How Free From Others Should We Be?
(Written by a friend from Shanghai)
The question of just how much independence each of us should have has always interested me, as I was born in China where people stay dependent on each other all of their lives.
Every baby cries when it is born. To my mind, those are sounds of happiness that imply he is finally no longer dependent on his mother. After living in her womb for several months, he exercises his limbs, as he feels free at last.
When he begins to eat solid food, he uses his hands to feed himself and chooses the food he likes. In that way, his sense of taste is developed.
Soon he begins to walk and climb. Although he sometimes falls down, he doesn’t always want help. He likes the feeling that he can go anywhere he likes.
The first time he uses a pencil nobody knows what he is drawing, but he is happy to be using it and his mother and father are also pleased.
As he grows up, he wants to know everything. He reads books, learns to play games and is interested in exploring. He knows what he likes and sometimes doesn’t listen to his parents.
Day after day and year after year, he continues learning and develops his own world. There are times when he doesn’t want other people to enter his life – not even his parents. Sometimes he writes in a secret diary, and is very angry if someone reads it. He feels that is an infringement on his liberty.

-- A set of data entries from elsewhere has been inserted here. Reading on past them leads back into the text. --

(* Let $s\ge 1$ and let $f,g\in\mathbb{K}[y]$ be polynomials of degree $s$ with nonzero constant terms. Then $A_f\cong A_g$ as $\mathbb{K}$-algebras if and only if there exist $\lambda,c\in\mathbb{K}^*$ such that either $g(y)=\lambda f(cy)$ or $g(y)=\lambda\, y^{s} f(c\,y^{-1})$.
   Context: $\mathbb{K}$ is an algebraically closed field of characteristic $0$. For a polynomial $h\in\mathbb{K}[y]$ with nonzero constant term, $A_h:=\mathbb{K}[x_1,x_2,y^{\pm1}]/(x_1x_2-h(y))$. (For the shearing polyptych lattice $\mathcal M_s$, the detropicalized algebras are exactly the algebras $A_h$ with $\deg h=s$.) *)

theory Defs
  imports "HOL-Computational_Algebra.Polynomial" "HOL-Algebra.QuotRing"
begin

definition alg_closed_field :: "'a::field itself \<Rightarrow> bool" where
  "alg_closed_field _ \<longleftrightarrow> (\<forall>p::'a poly. degree p \<ge> 1 \<longrightarrow> (\<exists>x. poly p x = 0))"

text \<open>The polynomial ring K[x1,x2,y,z] as iterated univariate polynomials:
  outermost variable x1, then x2, then z, innermost y.\<close>
type_synonym 'a mpoly4 = "'a poly poly poly poly"

definition tc_ring :: "('a::comm_ring_1) ring" where
  "tc_ring = \<lparr>carrier = UNIV, monoid.mult = (*), one = 1, zero = 0, add = (+)\<rparr>"

definition X1 :: "'a::comm_ring_1 mpoly4" where "X1 = [:0, 1:]"
definition X2 :: "'a::comm_ring_1 mpoly4" where "X2 = [:[:0, 1:]:]"
definition Zv :: "'a::comm_ring_1 mpoly4" where "Zv = [:[:[:0, 1:]:]:]"
definition Yv :: "'a::comm_ring_1 mpoly4" where "Yv = [:[:[:[:0, 1:]:]:]:]"
definition const4 :: "'a::comm_ring_1 \<Rightarrow> 'a mpoly4" where "const4 c = [:[:[:[:c:]:]:]:]"
definition hY :: "'a::comm_ring_1 poly \<Rightarrow> 'a mpoly4" where "hY h = [:[:[:h:]:]:]"

text \<open>A_h = K[x1,x2,y^{\<pm>1}]/(x1 x2 - h(y)) = K[x1,x2,y,z]/(x1 x2 - h(y), y z - 1).\<close>
definition A_ideal :: "'a::comm_ring_1 poly \<Rightarrow> 'a mpoly4 set" where
  "A_ideal h = genideal tc_ring {X1 * X2 - hY h, Yv * Zv - 1}"

definition A_alg :: "'a::comm_ring_1 poly \<Rightarrow> 'a mpoly4 set ring" where
  "A_alg h = tc_ring Quot (A_ideal h)"

definition A_kalg_iso :: "'a::comm_ring_1 poly \<Rightarrow> 'a poly \<Rightarrow> bool" where
  "A_kalg_iso f g \<longleftrightarrow> (\<exists>\<phi>. \<phi> \<in> ring_iso (A_alg f) (A_alg g) \<and>
     (\<forall>c. \<phi> (A_ideal f +>\<^bsub>tc_ring\<^esub> const4 c) = A_ideal g +>\<^bsub>tc_ring\<^esub> const4 c))"

end

theory Submission
  imports Defs
begin

text \<open>
  \<open>A_h\<close> embeds into the functions on the torus \<open>(a, t) \<in> K\<^sup>* \<times> K\<^sup>*\<close> via \<open>x1 \<mapsto> a\<close>,
  \<open>x2 \<mapsto> h(t)/a\<close>, \<open>y \<mapsto> t\<close>; injectivity comes from a normal form \<open>A(x1, y) + B(x2, y)\<close>.
  If \<open>g(y) = \<lambda> f(c y)\<close> or \<open>g(y) = \<lambda> y\<^sup>s f(c/y)\<close>, the substitutions \<open>x1 \<mapsto> x1/\<lambda>, y \<mapsto> c y\<close>,
  resp. \<open>x1 \<mapsto> y\<^sup>-\<^sup>s x1/\<lambda>, y \<mapsto> c y\<^sup>-\<^sup>1\<close>, induce isomorphisms.
  Conversely, the units of \<open>A_h\<close> are the \<open>c y\<^sup>k\<close>, so an isomorphism \<open>\<phi>\<close> maps \<open>y\<close> to \<open>c y\<^sup>\<plusminus>\<^sup>1\<close>.
  Then \<open>f(c y\<^sup>\<plusminus>\<^sup>1) = \<phi>(x1) \<phi>(x2)\<close> is a product in \<open>A_g\<close>; comparing numerators as polynomials
  in \<open>a\<close> shows that either \<open>g\<close> divides the polynomial \<open>f(c y)\<close>, resp. \<open>y\<^sup>s f(c/y)\<close>, which has the
  same degree as \<open>g\<close>, or \<open>\<phi>(x1)\<close> and \<open>\<phi>(x2)\<close> lie in \<open>K[y\<^sup>\<plusminus>\<^sup>1]\<close>, which is impossible for a
  surjective \<open>\<phi>\<close>.
\<close>

lemma tc_ring_simps [simp]:
  "carrier tc_ring = UNIV" "mult tc_ring = (*)" "one tc_ring = 1" "zero tc_ring = 0" "add tc_ring = (+)"
  by (simp_all add: tc_ring_def)

lemma cring_tc_ring: "cring (tc_ring :: 'a::comm_ring_1 ring)"
proof (rule cringI)
  show "abelian_group (tc_ring :: 'a ring)"
    by (rule abelian_groupI) (auto simp: algebra_simps intro: exI[of _ "- _"])
  show "Group.comm_monoid (tc_ring :: 'a ring)"
    by (rule comm_monoidI) (auto simp: algebra_simps)
qed (auto simp: algebra_simps)

lemma a_inv_tc_ring [simp]: "a_inv tc_ring (x::'a::comm_ring_1) = - x"
proof -
  interpret cring "tc_ring :: 'a ring" by (rule cring_tc_ring)
  show ?thesis by (rule minus_equality) auto
qed

lemma a_minus_tc_ring [simp]: "a_minus tc_ring (x::'a::comm_ring_1) y = x - y"
  by (simp add: a_minus_def)

definition A_rels :: "'a::comm_ring_1 poly \<Rightarrow> 'a mpoly4 set" where
  "A_rels h = {P. \<exists>U V. P = U * (X1 * X2 - hY h) + V * (Yv * Zv - 1)}"

lemma A_rels_add:
  assumes "P \<in> A_rels h" "Q \<in> A_rels h"
  shows "P + Q \<in> A_rels h"
proof -
  obtain U V U' V' where PQ: "P = U * (X1 * X2 - hY h) + V * (Yv * Zv - 1)"
    "Q = U' * (X1 * X2 - hY h) + V' * (Yv * Zv - 1)"
    using assms unfolding A_rels_def by blast
  have "P + Q = (U + U') * (X1 * X2 - hY h) + (V + V') * (Yv * Zv - 1)"
    unfolding PQ by (simp add: algebra_simps)
  then show ?thesis unfolding A_rels_def by blast
qed

lemma A_rels_mult:
  assumes "P \<in> A_rels h"
  shows "Q * P \<in> A_rels h"
proof -
  obtain U V where P: "P = U * (X1 * X2 - hY h) + V * (Yv * Zv - 1)"
    using assms unfolding A_rels_def by blast
  have "Q * P = (Q * U) * (X1 * X2 - hY h) + (Q * V) * (Yv * Zv - 1)"
    unfolding P by (simp add: algebra_simps)
  then show ?thesis unfolding A_rels_def by blast
qed

lemma A_rels_uminus: "P \<in> A_rels h \<Longrightarrow> - P \<in> A_rels h"
  using A_rels_mult[of P h "- 1"] by simp

lemma A_rels_generators: "X1 * X2 - hY h \<in> A_rels h" "Yv * Zv - 1 \<in> A_rels h"
  unfolding A_rels_def by (force intro: exI[of _ 0] exI[of _ 1])+

lemma A_rels_0: "0 \<in> A_rels h"
  using A_rels_mult[OF A_rels_generators(1), of 0] by simp
lemma card_thin_radical_Int_mult_card_le:
  fixes H (structure)
  assumes "comm_group H" "S_ring H S" "subgroup K H" "T \<in> S" "g \<in> carrier H" "T \<subseteq> K #> g"
    and "thin_radical H S \<inter> rad H T = {\<one>}"
  shows "card (thin_radical H S \<inter> K) * card T \<le> card K"
proof -
  have H: "finite (carrier H)" "T \<subseteq> carrier H" "\<forall>U\<in>S. \<forall>V\<in>S. U \<noteq> V \<longrightarrow> U \<inter> V = {}"
    using assms(2,4) unfolding S_ring_def by auto
  interpret comm_group H by fact
  let ?O = "thin_radical H S \<inter> K"
  have O: "a \<in> carrier H" "a <# T \<in> S" if "a \<in> ?O" for a
    using that l_coset_basic_set_in_S[OF assms(2) _ assms(4)] unfolding thin_radical_def by auto
  have inj: "inj_on (\<lambda>a. a <# T) ?O"
    using inj_on_l_coset_thin_radical[OF assms(1,2,4,7)] by (rule inj_on_subset) blast
  have "card (a <# T) = card T" if "a \<in> ?O" for a
    using l_card_cosets_equal[of "a <# T" T] O(1)[OF that] H(1,2) unfolding LCOSETS_def by force
  then have "card ?O * card T = (\<Sum>a\<in>?O. card (a <# T))"
    by simp
  also have "\<dots> = card (\<Union>a\<in>?O. a <# T)"
  proof (rule card_UN_disjoint [symmetric])
    show "finite ?O"
      using H(1) unfolding thin_radical_def by (auto intro: finite_subset)
    show "\<forall>a\<in>?O. finite (a <# T)"
      using finite_subset[OF l_coset_subset_G[OF H(2) O(1)] H(1)] by blast
    show "\<forall>a\<in>?O. \<forall>b\<in>?O. a \<noteq> b \<longrightarrow> (a <# T) \<inter> (b <# T) = {}"
    proof (intro ballI impI)
      fix a b assume "a \<in> ?O" "b \<in> ?O" "a \<noteq> b"
      then have "a <# T \<noteq> b <# T"
        using inj by (auto dest: inj_onD)
      then show "(a <# T) \<inter> (b <# T) = {}"
        using H(3) O(2) \<open>a \<in> ?O\<close> \<open>b \<in> ?O\<close> by blast
    qed
  qed
  also have "\<dots> \<le> card (K #> g)"
  proof (rule card_mono)
    show "finite (K #> g)"
      using finite_subset[OF r_coset_subset_G[OF subgroup.subset[OF assms(3)] assms(5)] H(1)] .
    show "(\<Union>a\<in>?O. a <# T) \<subseteq> K #> g"
    proof (intro UN_least subsetI)
      fix a y assume "a \<in> ?O" "y \<in> a <# T"
      then obtain k where k: "k \<in> K" "y = a \<otimes> (k \<otimes> g)"
        using assms(6) unfolding l_coset_def r_coset_def by blast
      moreover have "a \<in> K" "a \<in> carrier H" "k \<in> carrier H"
        using \<open>a \<in> ?O\<close> O(1) k(1) subgroup.mem_carrier[OF assms(3)] by auto
      ultimately have "y = (a \<otimes> k) \<otimes> g" "a \<otimes> k \<in> K"
        using assms(5) subgroup.m_closed[OF assms(3)] by (auto simp: m_assoc)
      then show "y \<in> K #> g"
        unfolding r_coset_def by blast
    qed
  qed
  also have "\<dots> = card K"
    using card_rcosets_equal[OF rcosetsI] assms(3,5) subgroup.subset by metis
  finally show ?thesis .
qed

Parents spend a lot of time with their children to help them develop, but children often think that parents restrict them too much – bind them hand and foot. As a result, children tend to argue with their parents.
While a child is maturing, it is important that there be an open dialogue between the child and his parents. That provides a time for a friendly discussion of the changes talking place. Parents want to give help and advice even though the child may already consider himself to be mature. In America, students entering college become much more independent, as many of them live away from home. When they finish their education and find employment, they frequently live on their own or with friends and are almost completely independent.
In China, it is quite different. The parents continue to be involved in matters such as the selection of major subjects in school, careers, marriage partners, the new family, grandchildren, and any other decisions that must be made. Sometimes their involvement in children’s lives leads to discord, and therefore I feel that evolvement into independence as practiced in America is much better for young people.
I’ve had to remind myself many times that my responsibility had to be limited to bearing my children, caring for them, giving them a good education, and teaching them how to be good people. I don't feel that I should remove the rights that they have as separate human beings by making all decisions for them.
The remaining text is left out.